◆ Exercise details
From the entries below, please output exactly the lines starting at the one containing "by (auto simp: bind_assoc_pmf" and ending at the one containing "Mt = measure_pmf.expectation", both included.

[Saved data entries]
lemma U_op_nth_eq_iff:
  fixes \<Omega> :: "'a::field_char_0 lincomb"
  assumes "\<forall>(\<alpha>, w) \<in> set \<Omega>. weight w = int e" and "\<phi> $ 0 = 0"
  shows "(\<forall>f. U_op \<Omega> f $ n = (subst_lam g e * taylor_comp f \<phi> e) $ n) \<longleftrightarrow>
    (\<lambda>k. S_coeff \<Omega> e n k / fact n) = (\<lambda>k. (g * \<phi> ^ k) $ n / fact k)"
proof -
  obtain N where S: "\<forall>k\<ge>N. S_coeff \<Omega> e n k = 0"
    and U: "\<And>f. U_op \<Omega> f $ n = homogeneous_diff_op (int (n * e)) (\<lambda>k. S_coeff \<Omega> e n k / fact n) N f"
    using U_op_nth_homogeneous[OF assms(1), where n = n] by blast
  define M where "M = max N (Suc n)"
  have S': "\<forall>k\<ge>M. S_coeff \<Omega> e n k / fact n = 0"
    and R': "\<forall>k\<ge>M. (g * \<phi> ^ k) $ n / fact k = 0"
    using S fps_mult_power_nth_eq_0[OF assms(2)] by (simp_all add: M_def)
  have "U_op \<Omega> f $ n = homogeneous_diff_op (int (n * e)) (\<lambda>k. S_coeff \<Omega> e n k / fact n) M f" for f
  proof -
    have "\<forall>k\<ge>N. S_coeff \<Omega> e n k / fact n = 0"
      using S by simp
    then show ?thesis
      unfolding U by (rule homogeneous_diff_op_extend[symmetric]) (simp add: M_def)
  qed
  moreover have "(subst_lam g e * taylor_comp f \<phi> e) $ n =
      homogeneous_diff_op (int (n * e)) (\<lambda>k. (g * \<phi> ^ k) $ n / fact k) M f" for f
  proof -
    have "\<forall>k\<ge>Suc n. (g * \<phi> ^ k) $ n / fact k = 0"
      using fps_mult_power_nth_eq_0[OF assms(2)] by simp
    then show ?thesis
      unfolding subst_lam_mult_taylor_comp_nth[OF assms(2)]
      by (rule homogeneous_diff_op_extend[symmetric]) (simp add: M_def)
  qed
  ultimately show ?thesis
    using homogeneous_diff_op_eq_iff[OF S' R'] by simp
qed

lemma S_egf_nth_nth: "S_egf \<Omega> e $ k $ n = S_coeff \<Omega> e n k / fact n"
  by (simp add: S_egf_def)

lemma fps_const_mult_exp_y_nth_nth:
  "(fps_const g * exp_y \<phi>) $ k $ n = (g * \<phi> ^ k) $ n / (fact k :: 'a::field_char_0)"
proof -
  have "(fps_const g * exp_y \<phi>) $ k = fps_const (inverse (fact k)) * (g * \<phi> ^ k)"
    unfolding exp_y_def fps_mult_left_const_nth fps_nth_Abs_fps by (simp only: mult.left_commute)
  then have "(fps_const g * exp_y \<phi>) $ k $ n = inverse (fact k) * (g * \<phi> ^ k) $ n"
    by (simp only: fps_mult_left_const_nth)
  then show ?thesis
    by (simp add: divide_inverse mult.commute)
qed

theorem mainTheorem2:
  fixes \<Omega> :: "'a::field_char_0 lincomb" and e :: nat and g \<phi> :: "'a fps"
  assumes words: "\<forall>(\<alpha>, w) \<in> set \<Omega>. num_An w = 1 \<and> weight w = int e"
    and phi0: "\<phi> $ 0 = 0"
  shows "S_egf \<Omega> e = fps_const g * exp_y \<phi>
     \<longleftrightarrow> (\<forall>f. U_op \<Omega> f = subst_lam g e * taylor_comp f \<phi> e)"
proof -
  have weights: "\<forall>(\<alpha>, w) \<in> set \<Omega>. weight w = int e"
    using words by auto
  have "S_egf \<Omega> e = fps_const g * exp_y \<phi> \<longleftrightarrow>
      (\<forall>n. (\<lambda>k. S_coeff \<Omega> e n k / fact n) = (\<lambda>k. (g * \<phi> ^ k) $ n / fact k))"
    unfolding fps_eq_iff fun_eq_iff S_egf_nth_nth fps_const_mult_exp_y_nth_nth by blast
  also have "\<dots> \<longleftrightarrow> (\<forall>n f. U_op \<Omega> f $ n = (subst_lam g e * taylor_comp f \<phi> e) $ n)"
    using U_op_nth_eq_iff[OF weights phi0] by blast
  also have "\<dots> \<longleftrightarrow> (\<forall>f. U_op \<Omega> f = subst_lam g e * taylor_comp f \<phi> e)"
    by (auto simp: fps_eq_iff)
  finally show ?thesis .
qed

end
* * *
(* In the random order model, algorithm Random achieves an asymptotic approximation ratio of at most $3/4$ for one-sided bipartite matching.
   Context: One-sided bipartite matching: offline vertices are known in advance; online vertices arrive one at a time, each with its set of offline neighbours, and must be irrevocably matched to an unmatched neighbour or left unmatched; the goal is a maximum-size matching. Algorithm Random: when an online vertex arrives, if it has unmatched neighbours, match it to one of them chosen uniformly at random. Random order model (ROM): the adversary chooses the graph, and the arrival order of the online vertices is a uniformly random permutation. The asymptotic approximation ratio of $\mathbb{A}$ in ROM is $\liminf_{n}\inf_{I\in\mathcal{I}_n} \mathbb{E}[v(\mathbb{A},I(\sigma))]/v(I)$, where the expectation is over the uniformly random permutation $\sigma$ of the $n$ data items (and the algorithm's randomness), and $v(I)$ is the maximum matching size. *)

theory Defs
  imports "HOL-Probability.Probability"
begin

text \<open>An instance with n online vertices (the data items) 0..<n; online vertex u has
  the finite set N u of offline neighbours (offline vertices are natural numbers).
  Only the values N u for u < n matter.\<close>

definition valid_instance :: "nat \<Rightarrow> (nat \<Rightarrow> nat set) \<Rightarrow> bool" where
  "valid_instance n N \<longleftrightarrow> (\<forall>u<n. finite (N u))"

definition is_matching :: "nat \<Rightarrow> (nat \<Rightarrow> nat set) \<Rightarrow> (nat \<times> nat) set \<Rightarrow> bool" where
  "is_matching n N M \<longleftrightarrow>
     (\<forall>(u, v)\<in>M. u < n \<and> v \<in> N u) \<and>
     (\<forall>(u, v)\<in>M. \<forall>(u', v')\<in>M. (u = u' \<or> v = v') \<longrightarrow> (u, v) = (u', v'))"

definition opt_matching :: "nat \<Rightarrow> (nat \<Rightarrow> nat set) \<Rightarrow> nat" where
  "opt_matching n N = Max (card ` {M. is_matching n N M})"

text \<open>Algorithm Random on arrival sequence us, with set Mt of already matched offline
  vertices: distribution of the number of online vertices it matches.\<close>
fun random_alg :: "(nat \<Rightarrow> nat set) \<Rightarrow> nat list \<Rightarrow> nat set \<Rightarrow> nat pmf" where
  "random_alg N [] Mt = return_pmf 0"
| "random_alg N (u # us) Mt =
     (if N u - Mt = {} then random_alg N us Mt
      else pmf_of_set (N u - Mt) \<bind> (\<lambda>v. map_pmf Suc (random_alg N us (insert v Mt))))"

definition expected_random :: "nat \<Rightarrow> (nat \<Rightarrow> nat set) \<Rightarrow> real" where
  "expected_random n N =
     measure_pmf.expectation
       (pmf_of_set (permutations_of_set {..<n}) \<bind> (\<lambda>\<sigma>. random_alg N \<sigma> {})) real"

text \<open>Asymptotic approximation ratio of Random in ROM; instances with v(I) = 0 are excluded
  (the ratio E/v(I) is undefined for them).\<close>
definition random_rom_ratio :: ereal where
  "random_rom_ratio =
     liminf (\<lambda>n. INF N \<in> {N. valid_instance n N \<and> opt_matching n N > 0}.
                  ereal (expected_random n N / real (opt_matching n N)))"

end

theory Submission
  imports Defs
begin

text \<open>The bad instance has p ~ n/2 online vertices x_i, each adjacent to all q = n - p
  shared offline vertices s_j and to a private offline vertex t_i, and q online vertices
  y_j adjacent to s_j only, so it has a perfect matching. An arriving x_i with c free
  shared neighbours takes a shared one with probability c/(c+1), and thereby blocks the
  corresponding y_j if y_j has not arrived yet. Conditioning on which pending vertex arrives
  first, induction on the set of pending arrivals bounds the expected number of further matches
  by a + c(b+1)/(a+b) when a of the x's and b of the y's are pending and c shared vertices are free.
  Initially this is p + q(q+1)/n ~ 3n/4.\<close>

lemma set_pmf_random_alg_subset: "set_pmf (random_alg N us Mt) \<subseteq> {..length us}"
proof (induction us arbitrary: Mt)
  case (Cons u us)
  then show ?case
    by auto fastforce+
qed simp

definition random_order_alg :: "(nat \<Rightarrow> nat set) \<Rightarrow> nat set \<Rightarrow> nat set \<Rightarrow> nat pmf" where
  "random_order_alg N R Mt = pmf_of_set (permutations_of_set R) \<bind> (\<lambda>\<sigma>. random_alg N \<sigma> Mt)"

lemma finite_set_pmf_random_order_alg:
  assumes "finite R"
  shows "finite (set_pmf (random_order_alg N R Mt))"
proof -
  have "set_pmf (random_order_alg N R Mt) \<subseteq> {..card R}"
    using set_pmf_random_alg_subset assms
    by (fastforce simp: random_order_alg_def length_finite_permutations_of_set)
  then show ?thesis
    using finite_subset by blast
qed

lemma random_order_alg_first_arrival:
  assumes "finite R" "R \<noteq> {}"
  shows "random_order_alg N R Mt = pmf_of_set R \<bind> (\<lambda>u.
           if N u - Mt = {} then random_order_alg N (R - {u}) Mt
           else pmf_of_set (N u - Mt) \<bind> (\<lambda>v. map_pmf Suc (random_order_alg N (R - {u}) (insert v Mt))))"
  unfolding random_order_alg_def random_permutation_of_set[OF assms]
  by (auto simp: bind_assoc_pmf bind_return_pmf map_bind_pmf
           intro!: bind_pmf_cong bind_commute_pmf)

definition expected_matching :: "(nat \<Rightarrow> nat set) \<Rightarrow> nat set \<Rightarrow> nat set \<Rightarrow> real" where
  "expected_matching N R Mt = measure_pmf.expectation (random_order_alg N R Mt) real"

◆ Output below
  by (auto simp: bind_assoc_pmf bind_return_pmf map_bind_pmf
           intro!: bind_pmf_cong bind_commute_pmf)

definition expected_matching :: "(nat \<Rightarrow> nat set) \<Rightarrow> nat set \<Rightarrow> nat set \<Rightarrow> real" where
  "expected_matching N R Mt = measure_pmf.expectation (random_order_alg N R Mt) real"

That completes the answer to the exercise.